• _Problem to solve_
Please repeat exactly the lines below from the one containing "local_derivation_Gb0_Gb1_relation[OF assms, of 2]" down to the one containing "using DERIV_diff[OF heat_arg_has_derivative_space", both included, and nothing else.

Material for this exercise Start Marker

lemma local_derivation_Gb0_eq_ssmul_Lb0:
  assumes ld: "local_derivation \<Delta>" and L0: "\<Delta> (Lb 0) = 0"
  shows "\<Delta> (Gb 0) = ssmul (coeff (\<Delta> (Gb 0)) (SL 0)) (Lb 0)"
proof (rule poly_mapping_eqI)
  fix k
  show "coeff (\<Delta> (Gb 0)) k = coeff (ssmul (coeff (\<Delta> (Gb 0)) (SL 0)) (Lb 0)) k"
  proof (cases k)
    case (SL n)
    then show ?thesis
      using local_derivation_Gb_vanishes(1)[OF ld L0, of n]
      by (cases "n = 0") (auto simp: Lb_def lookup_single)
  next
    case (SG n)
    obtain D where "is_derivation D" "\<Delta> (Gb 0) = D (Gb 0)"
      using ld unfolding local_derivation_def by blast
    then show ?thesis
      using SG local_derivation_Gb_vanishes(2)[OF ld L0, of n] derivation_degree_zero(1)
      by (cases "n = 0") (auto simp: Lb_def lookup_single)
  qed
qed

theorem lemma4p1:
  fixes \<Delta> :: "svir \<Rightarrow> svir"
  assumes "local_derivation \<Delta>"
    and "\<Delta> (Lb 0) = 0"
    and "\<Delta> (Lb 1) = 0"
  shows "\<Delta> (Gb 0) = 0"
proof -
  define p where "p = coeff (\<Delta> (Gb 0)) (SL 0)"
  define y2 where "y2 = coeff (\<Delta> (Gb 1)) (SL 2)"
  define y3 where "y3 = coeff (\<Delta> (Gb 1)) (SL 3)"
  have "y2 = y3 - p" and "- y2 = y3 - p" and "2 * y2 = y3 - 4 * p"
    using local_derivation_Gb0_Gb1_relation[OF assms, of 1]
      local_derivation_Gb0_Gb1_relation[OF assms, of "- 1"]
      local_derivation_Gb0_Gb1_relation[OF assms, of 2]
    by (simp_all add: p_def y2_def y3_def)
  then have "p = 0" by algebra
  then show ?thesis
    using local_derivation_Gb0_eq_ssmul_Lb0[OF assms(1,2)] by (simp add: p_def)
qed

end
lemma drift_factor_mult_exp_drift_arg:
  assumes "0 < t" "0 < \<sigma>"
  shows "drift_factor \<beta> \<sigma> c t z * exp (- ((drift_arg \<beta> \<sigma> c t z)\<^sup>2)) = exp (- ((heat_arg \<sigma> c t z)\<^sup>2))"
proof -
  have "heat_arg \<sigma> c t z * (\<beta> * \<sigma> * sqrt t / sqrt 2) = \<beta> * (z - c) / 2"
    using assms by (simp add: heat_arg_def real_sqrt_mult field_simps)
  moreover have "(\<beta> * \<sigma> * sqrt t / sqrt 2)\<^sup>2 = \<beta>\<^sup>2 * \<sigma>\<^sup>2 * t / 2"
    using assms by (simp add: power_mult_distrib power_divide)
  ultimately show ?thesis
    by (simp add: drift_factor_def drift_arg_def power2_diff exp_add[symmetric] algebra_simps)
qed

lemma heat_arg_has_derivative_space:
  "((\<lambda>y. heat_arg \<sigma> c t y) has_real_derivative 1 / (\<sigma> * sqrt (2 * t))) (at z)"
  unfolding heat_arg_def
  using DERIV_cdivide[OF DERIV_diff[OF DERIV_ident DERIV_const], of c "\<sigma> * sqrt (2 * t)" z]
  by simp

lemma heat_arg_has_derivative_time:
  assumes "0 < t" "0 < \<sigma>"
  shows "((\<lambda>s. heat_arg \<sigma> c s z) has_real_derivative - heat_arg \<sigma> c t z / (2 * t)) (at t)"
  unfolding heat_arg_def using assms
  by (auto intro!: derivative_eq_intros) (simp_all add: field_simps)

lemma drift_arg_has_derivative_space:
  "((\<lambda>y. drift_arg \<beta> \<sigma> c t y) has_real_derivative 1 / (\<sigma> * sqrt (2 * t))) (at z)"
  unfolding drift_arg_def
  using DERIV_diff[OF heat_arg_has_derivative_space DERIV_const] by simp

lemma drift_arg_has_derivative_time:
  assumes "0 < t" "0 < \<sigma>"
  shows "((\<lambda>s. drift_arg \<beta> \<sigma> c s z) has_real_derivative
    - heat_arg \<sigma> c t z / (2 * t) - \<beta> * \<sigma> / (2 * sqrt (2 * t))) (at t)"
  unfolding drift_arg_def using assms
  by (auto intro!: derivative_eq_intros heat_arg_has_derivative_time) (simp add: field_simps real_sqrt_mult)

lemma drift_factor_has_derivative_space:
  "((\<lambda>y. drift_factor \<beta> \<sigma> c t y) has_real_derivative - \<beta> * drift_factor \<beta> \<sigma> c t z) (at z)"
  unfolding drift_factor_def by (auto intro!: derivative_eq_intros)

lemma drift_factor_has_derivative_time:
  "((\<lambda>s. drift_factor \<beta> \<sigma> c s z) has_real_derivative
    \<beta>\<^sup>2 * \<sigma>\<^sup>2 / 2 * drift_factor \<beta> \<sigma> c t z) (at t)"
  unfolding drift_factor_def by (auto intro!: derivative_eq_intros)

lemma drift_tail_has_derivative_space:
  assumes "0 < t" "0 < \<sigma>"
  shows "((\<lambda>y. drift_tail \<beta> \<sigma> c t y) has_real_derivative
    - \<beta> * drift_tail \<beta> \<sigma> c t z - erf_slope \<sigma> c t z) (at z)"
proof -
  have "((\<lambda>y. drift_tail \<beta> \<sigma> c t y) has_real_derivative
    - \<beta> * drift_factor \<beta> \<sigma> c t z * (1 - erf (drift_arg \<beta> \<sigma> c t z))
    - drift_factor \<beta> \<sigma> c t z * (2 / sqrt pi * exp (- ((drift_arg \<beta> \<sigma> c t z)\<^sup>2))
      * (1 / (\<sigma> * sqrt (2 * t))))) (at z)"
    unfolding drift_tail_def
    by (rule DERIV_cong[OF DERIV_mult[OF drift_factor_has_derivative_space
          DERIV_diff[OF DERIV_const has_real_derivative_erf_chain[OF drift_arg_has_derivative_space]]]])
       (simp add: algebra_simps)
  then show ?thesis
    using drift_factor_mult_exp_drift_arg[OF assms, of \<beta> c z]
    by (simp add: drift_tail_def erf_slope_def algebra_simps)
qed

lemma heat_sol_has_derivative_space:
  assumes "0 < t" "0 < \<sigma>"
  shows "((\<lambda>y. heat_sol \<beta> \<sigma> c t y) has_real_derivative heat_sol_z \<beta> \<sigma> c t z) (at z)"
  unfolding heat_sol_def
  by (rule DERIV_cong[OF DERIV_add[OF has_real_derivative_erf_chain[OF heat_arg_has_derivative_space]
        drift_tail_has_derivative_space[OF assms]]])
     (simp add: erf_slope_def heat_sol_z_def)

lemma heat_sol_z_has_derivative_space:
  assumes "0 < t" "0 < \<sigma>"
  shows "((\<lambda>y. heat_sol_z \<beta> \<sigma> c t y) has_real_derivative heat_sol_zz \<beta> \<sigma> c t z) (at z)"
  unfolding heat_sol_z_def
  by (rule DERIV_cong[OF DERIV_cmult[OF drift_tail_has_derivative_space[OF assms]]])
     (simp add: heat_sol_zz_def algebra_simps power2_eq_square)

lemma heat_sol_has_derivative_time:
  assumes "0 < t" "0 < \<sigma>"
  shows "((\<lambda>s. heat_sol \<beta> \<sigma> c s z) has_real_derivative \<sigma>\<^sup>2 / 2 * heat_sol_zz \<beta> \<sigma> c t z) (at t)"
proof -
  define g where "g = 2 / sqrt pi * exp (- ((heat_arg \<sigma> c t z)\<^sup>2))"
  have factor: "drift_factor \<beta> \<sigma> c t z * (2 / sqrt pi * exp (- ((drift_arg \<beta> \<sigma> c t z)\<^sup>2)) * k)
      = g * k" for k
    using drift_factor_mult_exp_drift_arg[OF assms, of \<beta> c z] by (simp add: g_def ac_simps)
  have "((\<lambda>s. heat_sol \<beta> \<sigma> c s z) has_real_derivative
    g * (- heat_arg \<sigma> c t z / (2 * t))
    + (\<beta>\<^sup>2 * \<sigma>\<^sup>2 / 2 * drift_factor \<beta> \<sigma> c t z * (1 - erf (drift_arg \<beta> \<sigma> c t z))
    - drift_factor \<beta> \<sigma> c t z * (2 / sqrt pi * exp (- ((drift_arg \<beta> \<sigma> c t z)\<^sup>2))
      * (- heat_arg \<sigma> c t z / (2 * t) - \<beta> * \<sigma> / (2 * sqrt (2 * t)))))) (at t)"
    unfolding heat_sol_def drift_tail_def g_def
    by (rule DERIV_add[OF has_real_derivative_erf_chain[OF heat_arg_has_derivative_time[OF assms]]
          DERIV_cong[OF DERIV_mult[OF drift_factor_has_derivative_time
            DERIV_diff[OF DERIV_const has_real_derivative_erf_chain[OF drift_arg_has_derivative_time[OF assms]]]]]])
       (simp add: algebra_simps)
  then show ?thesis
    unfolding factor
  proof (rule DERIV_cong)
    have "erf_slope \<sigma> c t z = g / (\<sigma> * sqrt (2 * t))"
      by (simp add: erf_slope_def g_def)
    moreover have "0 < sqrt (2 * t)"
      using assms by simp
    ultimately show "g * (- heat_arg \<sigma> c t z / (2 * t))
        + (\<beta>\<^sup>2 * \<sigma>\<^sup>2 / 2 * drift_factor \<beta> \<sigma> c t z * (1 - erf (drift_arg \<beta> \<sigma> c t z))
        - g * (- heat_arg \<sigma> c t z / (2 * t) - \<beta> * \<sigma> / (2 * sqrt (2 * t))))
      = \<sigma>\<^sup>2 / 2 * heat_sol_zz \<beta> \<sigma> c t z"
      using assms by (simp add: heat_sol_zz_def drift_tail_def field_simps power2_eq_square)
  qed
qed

Material for this exercise End Marker

• _Expected answer_
      local_derivation_Gb0_Gb1_relation[OF assms, of 2]
    by (simp_all add: p_def y2_def y3_def)
  then have "p = 0" by algebra
  then show ?thesis
    using local_derivation_Gb0_eq_ssmul_Lb0[OF assms(1,2)] by (simp add: p_def)
qed

end
lemma drift_factor_mult_exp_drift_arg:
  assumes "0 < t" "0 < \<sigma>"
  shows "drift_factor \<beta> \<sigma> c t z * exp (- ((drift_arg \<beta> \<sigma> c t z)\<^sup>2)) = exp (- ((heat_arg \<sigma> c t z)\<^sup>2))"
proof -
  have "heat_arg \<sigma> c t z * (\<beta> * \<sigma> * sqrt t / sqrt 2) = \<beta> * (z - c) / 2"
    using assms by (simp add: heat_arg_def real_sqrt_mult field_simps)
  moreover have "(\<beta> * \<sigma> * sqrt t / sqrt 2)\<^sup>2 = \<beta>\<^sup>2 * \<sigma>\<^sup>2 * t / 2"
    using assms by (simp add: power_mult_distrib power_divide)
  ultimately show ?thesis
    by (simp add: drift_factor_def drift_arg_def power2_diff exp_add[symmetric] algebra_simps)
qed

lemma heat_arg_has_derivative_space:
  "((\<lambda>y. heat_arg \<sigma> c t y) has_real_derivative 1 / (\<sigma> * sqrt (2 * t))) (at z)"
  unfolding heat_arg_def
  using DERIV_cdivide[OF DERIV_diff[OF DERIV_ident DERIV_const], of c "\<sigma> * sqrt (2 * t)" z]
  by simp

lemma heat_arg_has_derivative_time:
  assumes "0 < t" "0 < \<sigma>"
  shows "((\<lambda>s. heat_arg \<sigma> c s z) has_real_derivative - heat_arg \<sigma> c t z / (2 * t)) (at t)"
  unfolding heat_arg_def using assms
  by (auto intro!: derivative_eq_intros) (simp_all add: field_simps)

lemma drift_arg_has_derivative_space:
  "((\<lambda>y. drift_arg \<beta> \<sigma> c t y) has_real_derivative 1 / (\<sigma> * sqrt (2 * t))) (at z)"
  unfolding drift_arg_def
  using DERIV_diff[OF heat_arg_has_derivative_space DERIV_const] by simp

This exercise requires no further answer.